Янкель был грамотным евреем, говорил хорошо по-русски, но, когда волновался или злился, искажал слова, как любой паршивый жид.
— Да, да по полной, всем, всех бесхвостых обезьян надо по полной. Всем устроить Карфаген.
Красный комиссар Южного фронта Колегаев − Брунжучис требует от подчиненных частей массового истребления казачества.
— Янкель! циркуляры на полное уничтожение казачества… завтра должны быть готовы! А сейчас оставьте меня, оба! Я не хочу вас больше видеть.
Первая волна казачьего геноцида покатилась со вступлением на Дон красных войск.

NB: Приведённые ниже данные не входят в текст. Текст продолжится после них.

theorem proposition38:
  fixes mX :: "'x::finite \<Rightarrow> 'x \<Rightarrow> real" and \<nu>X :: "'x \<Rightarrow> real"
    and mY :: "'y::finite \<Rightarrow> 'y \<Rightarrow> real" and \<nu>Y :: "'y \<Rightarrow> real"
    and C :: "'x \<Rightarrow> 'y \<Rightarrow> real" and \<delta> \<epsilon> :: real
  assumes "markov_chain mX \<nu>X" and "markov_chain mY \<nu>Y"
    and "\<forall>i j. C i j \<ge> 0"
    and "0 < \<delta>" and "\<delta> \<le> 1" and "0 \<le> \<epsilon>"
  shows "(\<lambda>k. dWL \<epsilon> \<delta> mX \<nu>X mY \<nu>Y C k) \<longlonglongrightarrow> dW \<epsilon> \<nu>X \<nu>Y (C_inf \<epsilon> \<delta> mX mY C)
    \<and> (\<forall>k::nat. \<bar>dWL \<epsilon> \<delta> mX \<nu>X mY \<nu>Y C k - dW \<epsilon> \<nu>X \<nu>Y (C_inf \<epsilon> \<delta> mX mY C)\<bar>
          \<le> (1 - \<delta>) ^ k / \<delta> * (2 * max_norm C + \<epsilon> * ln (real (CARD('x) * CARD('y)))))"
proof -
  let ?d = "dW \<epsilon> \<nu>X \<nu>Y (C_inf \<epsilon> \<delta> mX mY C)"
  define B where "B = 2 * max_norm C + \<epsilon> * ln (real (CARD('x) * CARD('y)))"
  have rows: "\<forall>i. prob_vec (mX i)" "\<forall>j. prob_vec (mY j)" and \<nu>: "prob_vec \<nu>X" "prob_vec \<nu>Y"
    using assms(1,2) unfolding markov_chain_def by auto
  have bound: "\<bar>dWL \<epsilon> \<delta> mX \<nu>X mY \<nu>Y C k - ?d\<bar> \<le> (1 - \<delta>) ^ k / \<delta> * B" for k
  proof -
    have "\<bar>dWL \<epsilon> \<delta> mX \<nu>X mY \<nu>Y C k - ?d\<bar> \<le> max_norm (C_iter \<epsilon> \<delta> mX mY C k - C_inf \<epsilon> \<delta> mX mY C)"
      unfolding dWL_def by (rule dW_lipschitz[OF \<nu> assms(6)])
    also have "\<dots> \<le> (1 - \<delta>) ^ k / \<delta> * (max_norm C + \<epsilon> * ln (real (CARD('x) * CARD('y))))"
      by (rule C_iter_dist_C_inf[OF rows assms(6,4,5,3)])
    also have "\<dots> \<le> (1 - \<delta>) ^ k / \<delta> * B"
      unfolding B_def using max_norm_nonneg[of C] assms(4,5) by (intro mult_left_mono) auto
    finally show ?thesis .
  qed
  then have "\<forall>k. norm (dWL \<epsilon> \<delta> mX \<nu>X mY \<nu>Y C k - ?d) \<le> (1 - \<delta>) ^ k / \<delta> * B"
    by simp
  moreover have "(\<lambda>k. (1 - \<delta>) ^ k / \<delta> * B) \<longlonglongrightarrow> 0"
    using assms(4,5) by (intro tendsto_mult_left_zero tendsto_divide_zero LIMSEQ_power_zero) auto
  ultimately have "(\<lambda>k. dWL \<epsilon> \<delta> mX \<nu>X mY \<nu>Y C k - ?d) \<longlonglongrightarrow> 0"
    by (rule Lim_null_comparison[OF always_eventually])
  then show ?thesis
    using bound unfolding B_def by (simp add: LIM_zero_cancel)
qed

end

Реквизировали лошадей, продовольствие, кое-кого, походя, пускали «в расход». Убивали офицеров. Иногда просто хулиганили — так, в великолепном Вешенском соборе устроили публичное венчание 80-летнего священника с кобылой. Потом сняли с него одежду, затянули веревкой мошонку и привязали к хвосту кобылы.
Но это было лишь начало, цветочки, лишь преддверие настоящего ужаса. Далее следовало полное раскулачивание или полное истребление крестьян независимо от социального положения.

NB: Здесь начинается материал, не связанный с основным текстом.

lemma flip_single_in_catP:
  assumes "distinct [i, k, l, j]"
  shows "flip [i] [j] \<in> catP"
proof -
  define P :: "nat \<Rightarrow> nat \<Rightarrow> complex" where
    "P x y = (if x = i \<and> y = l \<or> x = k \<and> y = l then 1
              else if x = l \<and> y = i \<or> x = l \<and> y = k then -1 else 0)" for x y
  define N :: "nat \<Rightarrow> nat \<Rightarrow> complex" where
    "N x y = (if x = k \<and> y = j then 1 else if x = j \<and> y = k then -1 else 0)" for x y
  have "skew_on P [i, k, l]" "skew_on N [k, l, j]"
    using assms unfolding skew_on_def P_def N_def by auto
  then have ket: "mk [i] [i, k, l, j]
                    (\<lambda>ou a. (if take 1 ou = take 1 a then 1 else 0) * Pf N (sel [k, l, j] (drop 1 ou)))
                  \<in> catP"
    and bra: "mk [i, k, l, j] [j]
                (\<lambda>ou a. Pf P (cosel [i, k, l] (take 3 a)) * (if ou = drop 3 a then 1 else 0))
              \<in> catP"
    using catP_tensor_mk[OF catP.ident[of "[i]"] catP.sPf[of "[k, l, j]" N]]
      catP_tensor_mk[OF catP.sPf_dual[of "[i, k, l]" P] catP.ident[of "[j]"]] assms
    by (simp_all add: numeral_3_eq_3)
  show ?thesis
    unfolding flip_def
  proof (rule mk_in_catP_cong[OF catP_comp_mk[OF ket bra]])
    fix ou a :: "bool list"
    assume "length ou = length [j]" "length a = length [i]"
    then obtain x y where "ou = [x]" "a = [y]"
      by (auto simp: length_Suc_conv)
    then show "(if ou = map Not a then 1 else 0) =
        (\<Sum>b\<in>states [i, k, l, j]. Pf P (cosel [i, k, l] (take 3 b)) * (if ou = drop 3 b then 1 else 0) *
          ((if take 1 b = take 1 a then 1 else 0) * Pf N (sel [k, l, j] (drop 1 b))))"
      using assms
      by (cases x; cases y;
          simp add: sum_states_Cons states_Nil sel_def cosel_def Pf_pair Pf_odd P_def N_def numeral_3_eq_3)
  qed
qed

lemma flip_in_catP:
  assumes "distinct A" "distinct B" "list_all2 (\<noteq>) A B"
  shows "flip A B \<in> catP"
  using assms
proof (induction A arbitrary: B)
  case Nil
  then show ?case
    unfolding flip_def by (auto intro: mk_in_catP_cong[OF catP.ident[of "[]"]])
next
  case (Cons a A)
  then obtain b B' where B: "B = b # B'" "a \<noteq> b" "list_all2 (\<noteq>) A B'"
    by (auto simp: list_all2_Cons1)
  have "flip [a] [b] \<in> catP"
    using B by (intro flip_single_in_catP[of a "a + b + 1" "a + b + 2" b]) auto
  moreover have "flip A B' \<in> catP"
    using Cons B by simp
  ultimately have "mk ([a] @ A) ([b] @ B')
       (\<lambda>ou i. (if take (length [b]) ou = map Not (take (length [a]) i) then 1 else 0) *
               (if drop (length [b]) ou = map Not (drop (length [a]) i) then 1 else 0)) \<in> catP"
    using Cons.prems B unfolding flip_def by (intro catP_tensor_mk) auto
  then show ?case
    unfolding B flip_def append_Cons append_Nil
    by (rule mk_in_catP_cong) (auto simp: length_Suc_conv)
qed

lemma flip_shift_in_catP:
  assumes "distinct A"
  shows "flip A (map Suc A) \<in> catP" "flip (map Suc A) A \<in> catP"
  using assms by (auto intro!: flip_in_catP simp: distinct_map list_all2_conv_all_nth)

lemma sum_states_delta:
  assumes "length x = length N"
  shows "(\<Sum>b\<in>states N. f b * (if b = x then 1 else 0)) = (f x :: complex)"
proof -
  have "(\<Sum>b\<in>states N. f b * (if b = x then 1 else 0)) = (\<Sum>b\<in>states N. if b = x then f b else 0)"
    by (rule sum.cong) auto
  also have "\<dots> = f x"
    using assms by (simp only: sum.delta[OF finite_states]) (simp add: states_def)
  finally show ?thesis .
qed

Многие волости переименовывались в хутора, в села. Часть донских земель вычленялась в состав Воронежской и Саратовской губерний, подлежала заселению крестьянским пролетариатом. Во главе станиц ставили комиссаров, часто из немецких или еврейских «интернационалистов». Населенные пункты облагались денежной контрибуцией, распределяемой по дворам. За неуплату — расстрел. В трехдневный срок объявлялась сдача оружия, в том числе дедовских шашек и кинжалов. За не сдачу — расстрел.

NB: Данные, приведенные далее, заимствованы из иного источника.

lemma fst_qrot: "qsqnorm g = 1 \<Longrightarrow> fst (qrot g p) = fst p"
proof -
  assume g: "qsqnorm g = 1"
  have "p = (fst p, 0, 0, 0) + qim p" by (cases p) (simp add: qim_def)
  then have "qrot g p = (fst p, 0, 0, 0) + qim (qrot g p)"
    by (metis g qrot_linear(1) qrot_qim qrot_real)
  then have "fst (qrot g p) = fst ((fst p, 0, 0, 0) + qim (qrot g p))" by (rule arg_cong)
  then show ?thesis by (simp add: qim_def)
qed

lemma qrot_scaleR: "qrot (t *\<^sub>R g) p = t\<^sup>2 *\<^sub>R qrot g p"
  by (cases g; cases p) (simp add: qrot_def qmult_def qcnj_def algebra_simps power2_eq_square)

lemma qrot_normalised_intertwiner:
  assumes "qsqnorm q > 0" "qmult q f = qmult e q"
  shows "qsqnorm ((1 / sqrt (qsqnorm q)) *\<^sub>R q) = 1" "qrot ((1 / sqrt (qsqnorm q)) *\<^sub>R q) f = e"
proof -
  show "qsqnorm ((1 / sqrt (qsqnorm q)) *\<^sub>R q) = 1"
    using assms(1) by (simp add: qsqnorm_scaleR power_divide)
  have "qrot q f = qsqnorm q *\<^sub>R e"
    unfolding qrot_def assms(2) by (simp add: qmult_assoc qmult_qcnj_self qmult_real)
  then show "qrot ((1 / sqrt (qsqnorm q)) *\<^sub>R q) f = e"
    using assms(1) by (simp add: qrot_scaleR power_divide)
qed

section \<open>The holonomy perturbation\<close>

definition sin_ratio :: "real \<Rightarrow> real \<Rightarrow> real" where
  "sin_ratio e s = (if s = 0 then e else sin (e * s) / s)"

definition qim_norm :: "qtn \<Rightarrow> real" where
  "qim_norm p = sqrt (qsqnorm (qim p))"

text \<open>For a unit quaternion \<open>M = cos \<phi> + sin \<phi> r\<close> this is \<open>cos \<nu> + sin \<nu> r\<close> with
  \<open>\<nu> = e sin \<phi>\<close>, written without reference to the (non-unique) polar form.\<close>
definition perturb :: "real \<Rightarrow> qtn \<Rightarrow> qtn" where
  "perturb e p = (cos (e * qim_norm p), 0, 0, 0) + sin_ratio e (qim_norm p) *\<^sub>R qim p"

lemma sin_ratio_mult: "sin_ratio e s * s = sin (e * s)"
  by (simp add: sin_ratio_def)

lemma sin_ratio_abs_mult: "sin_ratio e \<bar>t\<bar> * t = sin (e * t)"
  using sin_ratio_mult[of e "\<bar>t\<bar>"] by (cases "t \<ge> 0") auto

lemma sin_ratio_pos:
  assumes "0 < e" "0 \<le> s" "e * s < pi"
  shows "sin_ratio e s > 0"
proof (cases "s = 0")
  case False
  then have "sin (e * s) > 0" using assms by (intro sin_gt_zero) auto
  then show ?thesis using False assms by (simp add: sin_ratio_def)
qed (use assms in \<open>simp add: sin_ratio_def\<close>)

lemma qim_norm_eq: "qim_norm (c, x, y, z) = sqrt (x\<^sup>2 + y\<^sup>2 + z\<^sup>2)"
  by (simp add: qim_norm_def qim_def qsqnorm_def add.assoc)

lemma qim_norm_le_1:
  assumes "qsqnorm p = 1"
  shows "qim_norm p \<le> 1"
proof -
  obtain c x y z where p: "p = (c, x, y, z)" by (cases p)
  have "x\<^sup>2 + y\<^sup>2 + z\<^sup>2 \<le> 1" using assms zero_le_power2[of c] unfolding p qsqnorm_def prod.case by linarith
  then show ?thesis by (simp add: p qim_norm_eq)
qed

lemma qim_norm_qrot: "qsqnorm g = 1 \<Longrightarrow> qim_norm (qrot g p) = qim_norm p"
  by (simp add: qim_norm_def qrot_qim[symmetric] qsqnorm_qrot)

lemma perturb_eq:
  "perturb e (c, x, y, z) = (let s = sqrt (x\<^sup>2 + y\<^sup>2 + z\<^sup>2) in
     (cos (e * s), sin_ratio e s * x, sin_ratio e s * y, sin_ratio e s * z))"
  by (simp add: perturb_def qim_norm_eq qim_def Let_def)

lemma fst_perturb: "fst (perturb e p) = cos (e * qim_norm p)"
  by (simp add: perturb_def qim_def)

lemma perturb_qrot: "qsqnorm g = 1 \<Longrightarrow> perturb e (qrot g p) = qrot g (perturb e p)"
  by (simp add: perturb_def qim_norm_qrot qrot_linear qrot_real qrot_qim)

lemma qsqnorm_perturb: "qsqnorm (perturb e p) = 1"
proof -
  obtain c x y z where p: "p = (c, x, y, z)" by (cases p)
  define s where "s = sqrt (x\<^sup>2 + y\<^sup>2 + z\<^sup>2)"
  have "(sin_ratio e s * x)\<^sup>2 + (sin_ratio e s * y)\<^sup>2 + (sin_ratio e s * z)\<^sup>2 = (sin_ratio e s * s)\<^sup>2"
    by (simp add: s_def power_mult_distrib algebra_simps)
  then have "(cos (e * s))\<^sup>2 + ((sin_ratio e s * x)\<^sup>2 + (sin_ratio e s * y)\<^sup>2 + (sin_ratio e s * z)\<^sup>2) = 1"
    by (simp add: sin_ratio_mult)
  then show ?thesis
    unfolding p perturb_eq Let_def s_def[symmetric] qsqnorm_def by (simp add: add.assoc)
qed

lemma perturb_polar:
  assumes "x\<^sup>2 + y\<^sup>2 + z\<^sup>2 = 1"
  shows "perturb e (cos \<phi>, sin \<phi> * x, sin \<phi> * y, sin \<phi> * z)
    = (cos (e * sin \<phi>), sin (e * sin \<phi>) * x, sin (e * sin \<phi>) * y, sin (e * sin \<phi>) * z)"
proof -
  have "(sin \<phi> * x)\<^sup>2 + (sin \<phi> * y)\<^sup>2 + (sin \<phi> * z)\<^sup>2 = (sin \<phi>)\<^sup>2"
    using assms by (simp add: power_mult_distrib flip: distrib_left)
  then have "sqrt ((sin \<phi> * x)\<^sup>2 + (sin \<phi> * y)\<^sup>2 + (sin \<phi> * z)\<^sup>2) = \<bar>sin \<phi>\<bar>" by simp
  moreover have "cos (e * \<bar>t\<bar>) = cos (e * t)" for t by (cases "t \<ge> 0") auto
  ultimately show ?thesis
    by (simp add: perturb_eq mult.assoc[symmetric] sin_ratio_abs_mult)
qed

lemma unit_qtn_polar:
  assumes "qsqnorm M = 1"
  obtains \<phi> x y z where "x\<^sup>2 + y\<^sup>2 + z\<^sup>2 = 1" "M = (cos \<phi>, sin \<phi> * x, sin \<phi> * y, sin \<phi> * z)"
proof -
  obtain c v1 v2 v3 where M: "M = (c, v1, v2, v3)" by (cases M)
  define s where "s = sqrt (v1\<^sup>2 + v2\<^sup>2 + v3\<^sup>2)"
  have s2: "s\<^sup>2 = 1 - c\<^sup>2" using assms by (simp add: M s_def qsqnorm_def)
  then have c: "\<bar>c\<bar> \<le> 1" using zero_le_power2[of s] by (simp add: abs_square_le_1)
  have cos: "cos (arccos c) = c" and sin: "sin (arccos c) = s"
    using c s2 by (simp_all add: sin_arccos s_def)
  show thesis
  proof (cases "s = 0")
    case True
    then have "v1 = 0" "v2 = 0" "v3 = 0" by (auto simp: s_def add_nonneg_eq_0_iff)
    then show thesis using that[of 1 0 0 "arccos c"] M cos sin True by simp
  next
    case False
    have "(v1 / s)\<^sup>2 + (v2 / s)\<^sup>2 + (v3 / s)\<^sup>2 = 1"
      using False by (simp add: s_def power_divide add_divide_distrib[symmetric])
    then show thesis using that[of "v1 / s" "v2 / s" "v3 / s" "arccos c"] M cos sin False by simp
  qed
qed

lemma perturbation_condition_iff:
  assumes "qsqnorm M = 1"
  shows "(\<forall>\<phi> x y z. x\<^sup>2 + y\<^sup>2 + z\<^sup>2 = 1 \<and> M = (cos \<phi>, sin \<phi> * x, sin \<phi> * y, sin \<phi> * z) \<longrightarrow>
           B = (cos (e * sin \<phi>), sin (e * sin \<phi>) * x, sin (e * sin \<phi>) * y, sin (e * sin \<phi>) * z))
         \<longleftrightarrow> B = perturb e M"
  using unit_qtn_polar[OF assms] perturb_polar by metis

section \<open>Representations in quaternion coordinates\<close>

definition rep_quat :: "real \<Rightarrow> qtn \<Rightarrow> qtn \<Rightarrow> qtn \<Rightarrow> qtn \<Rightarrow> qtn \<Rightarrow> qtn \<Rightarrow> bool" where
  "rep_quat e A B a b h w \<longleftrightarrow>
     qsqnorm A = 1 \<and> qsqnorm B = 1 \<and> qsqnorm a = 1 \<and> qsqnorm b = 1 \<and> qsqnorm h = 1 \<and> qsqnorm w = 1 \<and>
     fst a = 0 \<and> fst h = 0 \<and> w = (-1, 0, 0, 0) \<and>
     qmult (qmult (qmult h w) a) B = qmult (qmult a B) h \<and>
     b = qmult (qmult (qmult h (qcnj a)) (qcnj w)) (qcnj h) \<and>
     B = perturb e (qmult (qcnj h) A)"

lemma mem_sphere_real3: "r \<in> sphere (0::real^3) 1 \<longleftrightarrow> (r$1)\<^sup>2 + (r$2)\<^sup>2 + (r$3)\<^sup>2 = 1"
  by (simp add: norm_vec_def L2_set_def sum_3)

lemma perturbation_condition_matrix_iff:
  assumes "qsqnorm h = 1" "qsqnorm A = 1"
  shows "(\<forall>\<phi> (r::real^3). r \<in> sphere 0 1 \<and>
            matrix_inv (qmat h) ** qmat A = quat (cos \<phi>) (sin \<phi> * r$1) (sin \<phi> * r$2) (sin \<phi> * r$3)
          \<longrightarrow> (let \<nu> = e * sin \<phi> in qmat B = quat (cos \<nu>) (sin \<nu> * r$1) (sin \<nu> * r$2) (sin \<nu> * r$3)))
    \<longleftrightarrow> B = perturb e (qmult (qcnj h) A)" (is "?matrix \<longleftrightarrow> _")
proof -
  let ?M = "qmult (qcnj h) A"
  let ?quat = "\<forall>\<phi> x y z. x\<^sup>2 + y\<^sup>2 + z\<^sup>2 = 1 \<and> ?M = (cos \<phi>, sin \<phi> * x, sin \<phi> * y, sin \<phi> * z) \<longrightarrow>
     B = (cos (e * sin \<phi>), sin (e * sin \<phi>) * x, sin (e * sin \<phi>) * y, sin (e * sin \<phi>) * z)"
  have matrix: "?matrix \<longleftrightarrow> (\<forall>\<phi> (r::real^3). (r$1)\<^sup>2 + (r$2)\<^sup>2 + (r$3)\<^sup>2 = 1 \<and>
      ?M = (cos \<phi>, sin \<phi> * r$1, sin \<phi> * r$2, sin \<phi> * r$3) \<longrightarrow>
      B = (cos (e * sin \<phi>), sin (e * sin \<phi>) * r$1, sin (e * sin \<phi>) * r$2, sin (e * sin \<phi>) * r$3))"
    unfolding mem_sphere_real3 using assms(1) by (simp add: matrix_inv_qmat qmat_mult Let_def
        flip: qmat_quat add: qmat_inject)
  have "?matrix \<longleftrightarrow> ?quat"
    unfolding matrix
  proof (intro iffI allI impI)
    fix \<phi> x y z
    assume "\<forall>\<phi> (r::real^3). (r$1)\<^sup>2 + (r$2)\<^sup>2 + (r$3)\<^sup>2 = 1 \<and>
      ?M = (cos \<phi>, sin \<phi> * r$1, sin \<phi> * r$2, sin \<phi> * r$3) \<longrightarrow>
      B = (cos (e * sin \<phi>), sin (e * sin \<phi>) * r$1, sin (e * sin \<phi>) * r$2, sin (e * sin \<phi>) * r$3)"
      and "x\<^sup>2 + y\<^sup>2 + z\<^sup>2 = 1 \<and> ?M = (cos \<phi>, sin \<phi> * x, sin \<phi> * y, sin \<phi> * z)"
    then show "B = (cos (e * sin \<phi>), sin (e * sin \<phi>) * x, sin (e * sin \<phi>) * y, sin (e * sin \<phi>) * z)"
      by (elim allE[of _ \<phi>] allE[of _ "vector [x, y, z]"]) simp
  qed simp
  also have "\<dots> \<longleftrightarrow> B = perturb e ?M"
    by (rule perturbation_condition_iff) (simp add: qsqnorm_qmult assms)
  finally show ?thesis .
qed

lemma qmat_tuple_in_Rep_iff:
  "(qmat A, qmat B, qmat a, qmat b, qmat h, qmat w) \<in> Rep e \<longleftrightarrow> rep_quat e A B a b h w"
proof (cases "qsqnorm A = 1 \<and> qsqnorm B = 1 \<and> qsqnorm a = 1 \<and> qsqnorm b = 1 \<and> qsqnorm h = 1 \<and> qsqnorm w = 1")
  case True
  then have inv: "matrix_inv (qmat a) = qmat (qcnj a)" "matrix_inv (qmat h) = qmat (qcnj h)"
    "matrix_inv (qmat w) = qmat (qcnj w)"
    by (simp_all add: matrix_inv_qmat)
  have su: "qmat A \<in> SU2" "qmat B \<in> SU2" "qmat a \<in> SU2" "qmat b \<in> SU2" "qmat h \<in> SU2" "qmat w \<in> SU2"
    using True by (simp_all add: qmat_in_SU2_iff)
  have tr: "trace (qmat p) = 0 \<longleftrightarrow> fst p = 0" for p by (simp add: trace_qmat)
  have w: "qmat w = - mat 1 \<longleftrightarrow> w = (-1, 0, 0, 0)" by (simp add: uminus_mat_1_qmat qmat_inject)
  have rel: "qmat h ** qmat w ** qmat a ** qmat B = qmat a ** qmat B ** qmat h
      \<longleftrightarrow> qmult (qmult (qmult h w) a) B = qmult (qmult a B) h"
    by (simp add: qmat_mult qmat_inject)
  have b: "qmat b = qmat h ** matrix_inv (qmat a) ** matrix_inv (qmat w) ** matrix_inv (qmat h)
      \<longleftrightarrow> b = qmult (qmult (qmult h (qcnj a)) (qcnj w)) (qcnj h)"
    by (simp add: inv qmat_mult qmat_inject)
  show ?thesis
    unfolding Rep_def mem_Collect_eq prod.case rep_quat_def
    using True su tr w rel b perturbation_condition_matrix_iff[of h A e B] by simp
next
  case False
  then show ?thesis
    unfolding Rep_def mem_Collect_eq prod.case rep_quat_def qmat_in_SU2_iff by blast
qed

Казаков начали грести под мобилизацию. Разошедшихся по домам из желания помириться, их, уже не спрашивая никаких желаний, гнали за Урал.
А кроме всего этого, начались систематические массовые расправы. Чтобы читатель не воспринял красный террор как исключительное свойство ЧК, отметим — на Дону свирепствовали в основном трибуналы, доказав, что в кровожадности они нисколько не уступают конкурентам.
На Дону, кроме трибуналов, убийц хватало. Соревновались с ними в зверствах все местные эшелоны советской и партийной власти, особые отделы, наполненные чекистами в основном еврейской национальности. Расстреливали офицеров, попов, атаманов, жандармов, простых казаков, всех, кто якобы выступал против советской власти. Мужское население от 19 до 52 лет секли шашками по ночам. Расстреливали семьи ушедших с белыми. Раз ушел, значит, «активный», значит враг мировой революции. По хуторам разъезжали трибуналы, производя «выездные заседания» с немедленными расстрелами. Рыскали карательные отряды, отбирая скот и продовольствие. Казнили при помощи пулеметов — разве управишься винтовками при таком размахе? Кое-где начали освобождать землю для крестьян-переселенцев из центральных губерний. Казаки подлежали выселению в зимнюю степь. Или, на выбор, под пулеметы.
В станице Урюпинской число казненных доходило до 60–80 в день. Измывались. В Вешенской старику, уличившему комиссара во лжи и жульничестве, вырезали язык, прибили к подбородку и водили по станице, пока он не умер. В Боковской комиссар расстреливал ради развлечения тех, кто обратил на себя его внимание. Клал за станицей и запрещал хоронить…
Хладнокровный палач и коммунистический фанат, Смилга, несколько позже, а точнее, в 1937 году, когда ему самому предстояло буквально на следующий день стать у стенки и выкрикнуть последнее: да здравствует товарищ Сталин, раскаивался, выпив стакан сивухи, но потом начинал те же бесчинства на Дону.